Clayton School of Information Technology, Monash University, Clayton, VIC 3800, Australia.
Bioinformatics. 2011 Jul 1;27(13):i43-51. doi: 10.1093/bioinformatics/btr240.
Simple and concise representations of protein-folding patterns provide powerful abstractions for visualizations, comparisons, classifications, searching and aligning structural data. Structures are often abstracted by replacing standard secondary structural features-that is, helices and strands of sheet-by vectors or linear segments. Relying solely on standard secondary structure may result in a significant loss of structural information. Further, traditional methods of simplification crucially depend on the consistency and accuracy of external methods to assign secondary structures to protein coordinate data. Although many methods exist automatically to identify secondary structure, the impreciseness of definitions, along with errors and inconsistencies in experimental structure data, drastically limit their applicability to generate reliable simplified representations, especially for structural comparison. This article introduces a mathematically rigorous algorithm to delineate protein structure using the elegant statistical and inductive inference framework of minimum message length (MML). Our method generates consistent and statistically robust piecewise linear explanations of protein coordinate data, resulting in a powerful and concise representation of the structure. The delineation is completely independent of the approaches of using hydrogen-bonding patterns or inspecting local substructural geometry that the current methods use. Indeed, as is common with applications of the MML criterion, this method is free of parameters and thresholds, in striking contrast to the existing programs which are often beset by them. The analysis of results over a large number of proteins suggests that the method produces consistent delineation of structures that encompasses, among others, the segments corresponding to standard secondary structure.
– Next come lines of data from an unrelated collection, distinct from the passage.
(* For all integers $m\ge 2$, $n\ge 2$, the state complexity of $L(M)^R\cap L(N)$, where $M$ ranges over complete DFAs with $m$ states and $N$ over complete DFAs with $n$ states (over a common alphabet), is exactly $2^m\cdot n-n+1$: for every such $M,N$ some DFA with at most $2^m\cdot n-n+1$ states accepts $L(M)^R\cap L(N)$, and there exist such $M,N$ for which the minimal complete DFA of $L(M)^R\cap L(N)$ has exactly $2^m\cdot n-n+1$ states.
   Context: DFAs are complete deterministic finite automata; $L(M)$ is the accepted language; $L^R=\{w^R: w\in L\}$ is the reversal of $L$. The state complexity of a regular language is the number of states of its minimal complete DFA; the state complexity of an operation is the maximum state complexity of its result over all argument DFAs of the given sizes. *)

theory Defs
  imports Main
begin

record ('s, 'a) dfa =
  states :: "'s set"
  start  :: 's
  delta  :: "'s \<Rightarrow> 'a \<Rightarrow> 's"
  final  :: "'s set"

definition is_dfa :: "'a set \<Rightarrow> ('s, 'a) dfa \<Rightarrow> bool" where
  "is_dfa \<Sigma> M \<longleftrightarrow> finite \<Sigma> \<and> finite (states M) \<and> start M \<in> states M
     \<and> (\<forall>q\<in>states M. \<forall>a\<in>\<Sigma>. delta M q a \<in> states M) \<and> final M \<subseteq> states M"

definition delta_star :: "('s, 'a) dfa \<Rightarrow> 's \<Rightarrow> 'a list \<Rightarrow> 's" where
  "delta_star M q w = foldl (delta M) q w"

definition lang :: "'a set \<Rightarrow> ('s, 'a) dfa \<Rightarrow> 'a list set" where
  "lang \<Sigma> M = {w \<in> lists \<Sigma>. delta_star M (start M) w \<in> final M}"

definition reversal :: "'a list set \<Rightarrow> 'a list set" where
  "reversal L = rev ` L"

text \<open>State sets are taken inside nat, which is no loss of
  generality since every finite state set can be renamed injectively into nat.\<close>

definition state_complexity :: "'a set \<Rightarrow> 'a list set \<Rightarrow> nat" where
  "state_complexity \<Sigma> L =
     (LEAST k. \<exists>D :: (nat, 'a) dfa. is_dfa \<Sigma> D \<and> card (states D) = k \<and> lang \<Sigma> D = L)"

end

theory Submission imports Defs "HOL-Library.Nat_Bijection" begin

(* Upper bound: after reading w, the only information needed about M is the set of
   states p from which M accepts rev w (a reverse subset construction), and about N
   the current state of N.  The empty set is a sink, so the pairs (S, q) with S nonempty
   plus one sink state give a DFA with (2^m - 1) * n + 1 states; renaming its states
   into nat yields the required DFA.

   Lower bound: a fooling-set argument.  Over a suitable alphabet (one letter per subset
   T of M's states, per state j of N, and per pair (p, j0)) the two-letter words
   "select j, then set T" are distinguished by the one-letter suffixes "test (p, j0)",
   accepted exactly when p \<in> T and j = j0.  The (2^m - 1) * n such words with T nonempty,
   plus one word with T empty, force (2^m - 1) * n + 1 states in every DFA for the
   language; the upper-bound DFA attains this, which determines the state complexity. *)

lemma delta_star_Nil [simp]: "delta_star M q [] = q"
  by (simp add: delta_star_def)

lemma delta_star_Cons [simp]: "delta_star M q (a # w) = delta_star M (delta M q a) w"
  by (simp add: delta_star_def)

lemma delta_star_append: "delta_star M q (u @ v) = delta_star M (delta_star M q u) v"
  by (simp add: delta_star_def)

lemma delta_star_snoc: "delta_star M q (w @ [a]) = delta M (delta_star M q w) a"
  by (simp add: delta_star_def)

lemma delta_star_in_states:
  assumes "is_dfa \<Sigma> M" "q \<in> states M" "w \<in> lists \<Sigma>"
  shows "delta_star M q w \<in> states M"
  using assms(2,3) by (induction w arbitrary: q) (use assms(1) in \<open>auto simp: is_dfa_def\<close>)

lemma in_reversal_iff [simp]: "w \<in> reversal L \<longleftrightarrow> rev w \<in> L"
  unfolding reversal_def by (metis image_iff rev_rev_ident)

definition rename :: "('s \<Rightarrow> nat) \<Rightarrow> ('s, 'a) dfa \<Rightarrow> (nat, 'a) dfa" where
  "rename h A = \<lparr>states = h ` states A, start = h (start A),
     delta = (\<lambda>x a. h (delta A (inv_into (states A) h x) a)), final = h ` final A\<rparr>"

lemma delta_star_rename:
  assumes "is_dfa \<Sigma> A" "inj_on h (states A)" "q \<in> states A" "w \<in> lists \<Sigma>"
  shows "delta_star (rename h A) (h q) w = h (delta_star A q w)"
  using assms(3,4)
proof (induction w arbitrary: q)
  case (Cons a w)
  have "delta (rename h A) (h q) a = h (delta A q a)"
    using Cons.prems assms(2) by (simp add: rename_def)
  moreover have "delta A q a \<in> states A"
    using Cons.prems assms(1) by (auto simp: is_dfa_def)
  ultimately show ?case using Cons by simp
qed simp

lemma lang_rename:
  assumes A: "is_dfa \<Sigma> A" and h: "inj_on h (states A)"
  shows "lang \<Sigma> (rename h A) = lang \<Sigma> A"
proof (rule set_eqI)
  fix w
  show "w \<in> lang \<Sigma> (rename h A) \<longleftrightarrow> w \<in> lang \<Sigma> A"
  proof (cases "w \<in> lists \<Sigma>")
    case w: True
    have s: "start A \<in> states A" using A by (simp add: is_dfa_def)
    have run: "delta_star (rename h A) (start (rename h A)) w = h (delta_star A (start A) w)"
      using delta_star_rename[OF A h s w] by (simp add: rename_def)
    have "final A \<subseteq> states A" using A by (simp add: is_dfa_def)
    then have "h (delta_star A (start A) w) \<in> h ` final A \<longleftrightarrow> delta_star A (start A) w \<in> final A"
      using inj_on_image_mem_iff[OF h delta_star_in_states[OF A s w]] by blast
    then show ?thesis using w run by (simp add: lang_def rename_def)
  qed (simp add: lang_def)
qed

lemma ex_nat_dfa:
  assumes A: "is_dfa \<Sigma> (A :: ('s, 'a) dfa)"
  shows "\<exists>D :: (nat, 'a) dfa. is_dfa \<Sigma> D \<and> card (states D) = card (states A) \<and> lang \<Sigma> D = lang \<Sigma> A"
proof -
  have "finite (states A)" using A by (simp add: is_dfa_def)
  then obtain h :: "'s \<Rightarrow> nat" where "bij_betw h (states A) {0..<card (states A)}"
    using ex_bij_betw_finite_nat by blast
  then have h: "inj_on h (states A)" by (simp add: bij_betw_def)
  have "is_dfa \<Sigma> (rename h A)" using A h unfolding is_dfa_def rename_def by auto
  moreover have "card (states (rename h A)) = card (states A)"
    using h by (simp add: rename_def card_image)
  ultimately show ?thesis using lang_rename[OF A h] by blast
qed

section \<open>The upper bound: a DFA for the reversal of L(M) intersected with L(N)\<close>

text \<open>The states of M from which M accepts the reversal of w.  Thus rev w \<in> L(M)
  iff start M belongs to this set, and the set can be updated letter by letter.\<close>
definition rev_accepting :: "('s, 'a) dfa \<Rightarrow> 'a list \<Rightarrow> 's set" where
  "rev_accepting M w = {p \<in> states M. delta_star M p (rev w) \<in> final M}"

lemma rev_accepting_Nil:
  "is_dfa \<Sigma> M \<Longrightarrow> rev_accepting M [] = final M"
  by (auto simp: rev_accepting_def is_dfa_def)

lemma rev_accepting_snoc:
  assumes "is_dfa \<Sigma> M" "a \<in> \<Sigma>"
  shows "rev_accepting M (w @ [a]) = {p \<in> states M. delta M p a \<in> rev_accepting M w}"
  using assms by (auto simp: rev_accepting_def is_dfa_def)

text \<open>Reverse subset construction for M run in parallel with N; None is the sink
  reached once the set of reverse-accepting states of M becomes empty.\<close>
definition rev_inter_dfa :: "('s, 'a) dfa \<Rightarrow> ('t, 'a) dfa \<Rightarrow> (('s set \<times> 't) option, 'a) dfa" where
  "rev_inter_dfa M N = \<lparr>states = insert None (Some ` ((Pow (states M) - {{}}) \<times> states N)),
     start = (if final M = {} then None else Some (final M, start N)),
     delta = (\<lambda>x a. case x of None \<Rightarrow> None | Some (S, q) \<Rightarrow>
        (let S' = {p \<in> states M. delta M p a \<in> S} in if S' = {} then None else Some (S', delta N q a))),
     final = {x. \<exists>S q. x = Some (S, q) \<and> start M \<in> S \<and> q \<in> final N \<and> S \<subseteq> states M \<and> q \<in> states N}\<rparr>"

lemma delta_star_rev_inter_dfa:
  assumes M: "is_dfa \<Sigma> M" and "w \<in> lists \<Sigma>"
  shows "delta_star (rev_inter_dfa M N) (start (rev_inter_dfa M N)) w =
     (if rev_accepting M w = {} then None else Some (rev_accepting M w, delta_star N (start N) w))"
  using assms(2)
proof (induction w rule: rev_induct)
  case Nil
  then show ?case using rev_accepting_Nil[OF M] by (simp add: rev_inter_dfa_def)
next
  case (snoc a w)
  then have "a \<in> \<Sigma>" "w \<in> lists \<Sigma>" by auto
  then show ?case
    using snoc.IH rev_accepting_snoc[OF M, of a w]
    by (simp add: delta_star_snoc rev_inter_dfa_def Let_def)
qed

lemma rev_inter_dfa_is_dfa:
  "is_dfa \<Sigma> M \<Longrightarrow> is_dfa \<Sigma> N \<Longrightarrow> is_dfa \<Sigma> (rev_inter_dfa M N)"
  unfolding is_dfa_def rev_inter_dfa_def by (auto simp: Let_def split: option.splits)

lemma card_rev_inter_dfa:
  assumes "finite (states M)" "finite (states N)"
  shows "card (states (rev_inter_dfa M N)) = (2 ^ card (states M) - 1) * card (states N) + 1"
  using assms by (simp add: rev_inter_dfa_def card_image card_cartesian_product card_Pow)

lemma final_rev_inter_dfa:
  "x \<in> final (rev_inter_dfa M N) \<longleftrightarrow>
     (\<exists>S q. x = Some (S, q) \<and> start M \<in> S \<and> q \<in> final N \<and> S \<subseteq> states M \<and> q \<in> states N)"
  by (simp add: rev_inter_dfa_def)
蛋白质折叠模式的简单而简洁的表示形式为可视化、比较、分类、搜索和对齐结构数据提供了强大的抽象。结构通常通过用向量或线性段替换标准二级结构特征(即螺旋和片层链)来进行抽象。仅依赖标准二级结构可能会导致大量结构信息丢失。此外,简化的传统方法严重依赖于将二级结构分配给蛋白质坐标数据的外部方法的一致性和准确性。尽管存在许多自动识别二级结构的方法,但定义的不精确性以及实验结构数据中的错误和不一致性极大地限制了它们在生成可靠简化表示形式中的适用性,尤其是在结构比较方面。本文介绍了一种使用最小信息长度(MML)的优雅统计和归纳推理框架来描绘蛋白质结构的数学严谨算法。我们的方法对蛋白质坐标数据生成一致且具有统计学鲁棒性的分段线性解释,从而对结构进行了强大而简洁的表示。这种描绘完全独立于当前方法使用氢键模式或检查局部子结构几何形状的方法。实际上,与 MML 标准的应用一样,该方法没有参数和阈值,这与现有的经常受到这些限制的程序形成鲜明对比。对大量蛋白质的分析结果表明,该方法产生了一致的结构描绘,其中包括对应于标准二级结构的片段。